Outside of performing with Slipknot, Thomson is known to keep a relatively low profile. Speaking on the band's 2006 video release Voliminal: Inside the Nine, he explained that "I like my quiet time; I like to be left the fuck alone", while pointing out that he "loves" being a part of the band.

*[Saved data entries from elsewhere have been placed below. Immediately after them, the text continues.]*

lemma F_computable_approx_scaled:
  assumes "F_computable F \<alpha>" and "c > 0"
  obtains q where "F_fraction_seq F q" and "\<And>x. \<bar>q x - \<alpha>\<bar> \<le> 1 / (real c * (real x + 1))"
proof -
  obtain q where q: "F_fraction_seq F q" and approx: "\<And>x. \<bar>q x - \<alpha>\<bar> \<le> 1 / (real x + 1)"
    using assms(1) unfolding F_computable_iff_fraction_seq by blast
  define s where "s x = c * x + (c - 1)" for x
  have s_eq: "real (s x) + 1 = real c * (real x + 1)" for x
    using \<open>c > 0\<close> by (simp add: s_def of_nat_diff algebra_simps)
  have "\<bar>q (s x) - \<alpha>\<bar> \<le> 1 / (real c * (real x + 1))" for x
    using approx[of "s x"] unfolding s_eq .
  moreover have "unary_in F s"
    unfolding s_def by (intro unary_in_intros)
  then have "F_fraction_seq F (\<lambda>x. q (s x))"
    by (rule F_fraction_seq_reindex[OF q])
  ultimately show thesis using that by blast
qed

lemma F_computable_of_nat: "F_computable F (real c)"
  unfolding F_computable_iff_fraction_seq
  by (intro exI[of _ "\<lambda>x. real c"]) (simp add: F_fraction_seq_of_nat)

lemma F_computable_uminus: "F_computable F \<alpha> \<Longrightarrow> F_computable F (- \<alpha>)"
  unfolding F_computable_iff_fraction_seq
  by (metis F_fraction_seq_uminus abs_minus_commute minus_diff_eq minus_diff_minus)

lemma F_computable_add:
  assumes "F_computable F \<alpha>" and "F_computable F \<beta>"
  shows "F_computable F (\<alpha> + \<beta>)"
proof -
  obtain q1 where q1: "F_fraction_seq F q1"
    and approx1: "\<And>x. \<bar>q1 x - \<alpha>\<bar> \<le> 1 / (2 * (real x + 1))"
    using F_computable_approx_scaled[OF assms(1), of 2] by auto
  obtain q2 where q2: "F_fraction_seq F q2"
    and approx2: "\<And>x. \<bar>q2 x - \<beta>\<bar> \<le> 1 / (2 * (real x + 1))"
    using F_computable_approx_scaled[OF assms(2), of 2] by auto
  have "\<bar>(q1 x + q2 x) - (\<alpha> + \<beta>)\<bar> \<le> 1 / (real x + 1)" for x
  proof -
    have "\<bar>(q1 x + q2 x) - (\<alpha> + \<beta>)\<bar> \<le> \<bar>q1 x - \<alpha>\<bar> + \<bar>q2 x - \<beta>\<bar>"
      by linarith
    also have "\<dots> \<le> 2 * (1 / (2 * (real x + 1)))"
      using approx1[of x] approx2[of x] by simp
    also have "\<dots> = 1 / (real x + 1)"
      by (simp add: divide_simps)
    finally show ?thesis .
  qed
  then show ?thesis
    unfolding F_computable_iff_fraction_seq using F_fraction_seq_add[OF q1 q2] by blast
qed

lemma F_computable_mult:
  assumes "F_computable F \<alpha>" and "F_computable F \<beta>"
  shows "F_computable F (\<alpha> * \<beta>)"
proof -
  obtain M :: nat where M: "\<bar>\<alpha>\<bar> \<le> M" "\<bar>\<beta>\<bar> \<le> M"
    by (metis max.bounded_iff real_arch_simple)
  obtain q1 where q1: "F_fraction_seq F q1"
    and approx1: "\<And>x. \<bar>q1 x - \<alpha>\<bar> \<le> 1 / (real (2 * M + 1) * (real x + 1))"
    using F_computable_approx_scaled[OF assms(1), of "2 * M + 1"] by auto
  obtain q2 where q2: "F_fraction_seq F q2"
    and approx2: "\<And>x. \<bar>q2 x - \<beta>\<bar> \<le> 1 / (real (2 * M + 1) * (real x + 1))"
    using F_computable_approx_scaled[OF assms(2), of "2 * M + 1"] by auto
  have "\<bar>q1 x * q2 x - \<alpha> * \<beta>\<bar> \<le> 1 / (real x + 1)" for x
  proof -
    define e where "e = 1 / (real (2 * M + 1) * (real x + 1))"
    have "e \<le> 1"
      unfolding e_def by (simp add: divide_simps mult_ge1_I)
    then have "\<bar>q1 x * q2 x - \<alpha> * \<beta>\<bar> \<le> (2 * real M + 1) * e"
      using approx1[of x] approx2[of x] M unfolding e_def by (intro abs_mult_diff_le)
    also have "\<dots> = 1 / (real x + 1)"
      unfolding e_def by (simp add: add.commute)
    finally show ?thesis .
  qed
  then show ?thesis
    unfolding F_computable_iff_fraction_seq using F_fraction_seq_mult[OF q1 q2] by blast
qed

lemma F_computable_inverse:
  assumes "F_computable F \<alpha>" and "\<alpha> \<noteq> 0"
  shows "F_computable F (inverse \<alpha>)"
proof -
  obtain K :: nat where K: "2 / \<bar>\<alpha>\<bar> < K"
    using reals_Archimedean2 by blast
  then have "2 < \<bar>\<alpha>\<bar> * real K"
    using \<open>\<alpha> \<noteq> 0\<close> by (simp add: field_simps)
  then have "K > 0"
    by (cases "K = 0") auto
  with \<open>2 < \<bar>\<alpha>\<bar> * real K\<close> have K_bound: "2 * (1 / real K) \<le> \<bar>\<alpha>\<bar>"
    by (simp add: field_simps)
  obtain q where q: "F_fraction_seq F q"
    and approx: "\<And>x. \<bar>q x - \<alpha>\<bar> \<le> 1 / (real (K * K) * (real x + 1))"
    using F_computable_approx_scaled[OF assms(1), of "K * K"] \<open>K > 0\<close> by auto
  have "\<bar>inverse (q x) - inverse \<alpha>\<bar> \<le> 1 / (real x + 1)" for x
  proof -
    have "1 / (real (K * K) * (real x + 1)) \<le> 1 / real K"
      using \<open>K > 0\<close> by (simp add: divide_simps mult_ge1_I)
    then have "\<bar>inverse (q x) - inverse \<alpha>\<bar>
        \<le> 1 / (real (K * K) * (real x + 1)) / (2 * (1 / real K)\<^sup>2)"
      using approx K_bound \<open>K > 0\<close> by (intro abs_inverse_diff_le) auto
    also have "\<dots> = 1 / (2 * (real x + 1))"
      using \<open>K > 0\<close> by (simp add: power2_eq_square divide_simps)
    finally show ?thesis by (simp add: field_simps)
  qed
  then show ?thesis
    unfolding F_computable_iff_fraction_seq using F_fraction_seq_inverse[OF q] by blast
qed

end

theorem mainTheorem12:
  fixes F :: "nat \<Rightarrow> (nat list \<Rightarrow> nat) set"
  assumes "standard_conditions F"
  shows "is_subfield_of_reals {\<alpha>. F_computable F \<alpha>}"
proof -
  interpret standard_class F by unfold_locales (rule assms)
  show ?thesis
    unfolding is_subfield_of_reals_def
    using F_computable_of_nat[of 0] F_computable_of_nat[of 1] F_computable_add F_computable_mult
      F_computable_uminus F_computable_inverse
    by simp
qed

end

In an interview with Jon Wiederhorn for Revolver magazine about the making of Iowa, the guitarist explained that "On days off, you'd never see me out of my hotel room ... I'd rather be alone than be around a bunch of people that I don't care about, don't care about me or are fuckin' full of shit".

Thomson married his girlfriend Stacy Riley on October 5, 2012. He has a number of tattoos, including the word 'seven' on his left arm (reflecting his number in Slipknot), and the word 'hate' in Japanese writing on his right arm. Thomson is famously a devoted fan of the Las Vegas Raiders football team.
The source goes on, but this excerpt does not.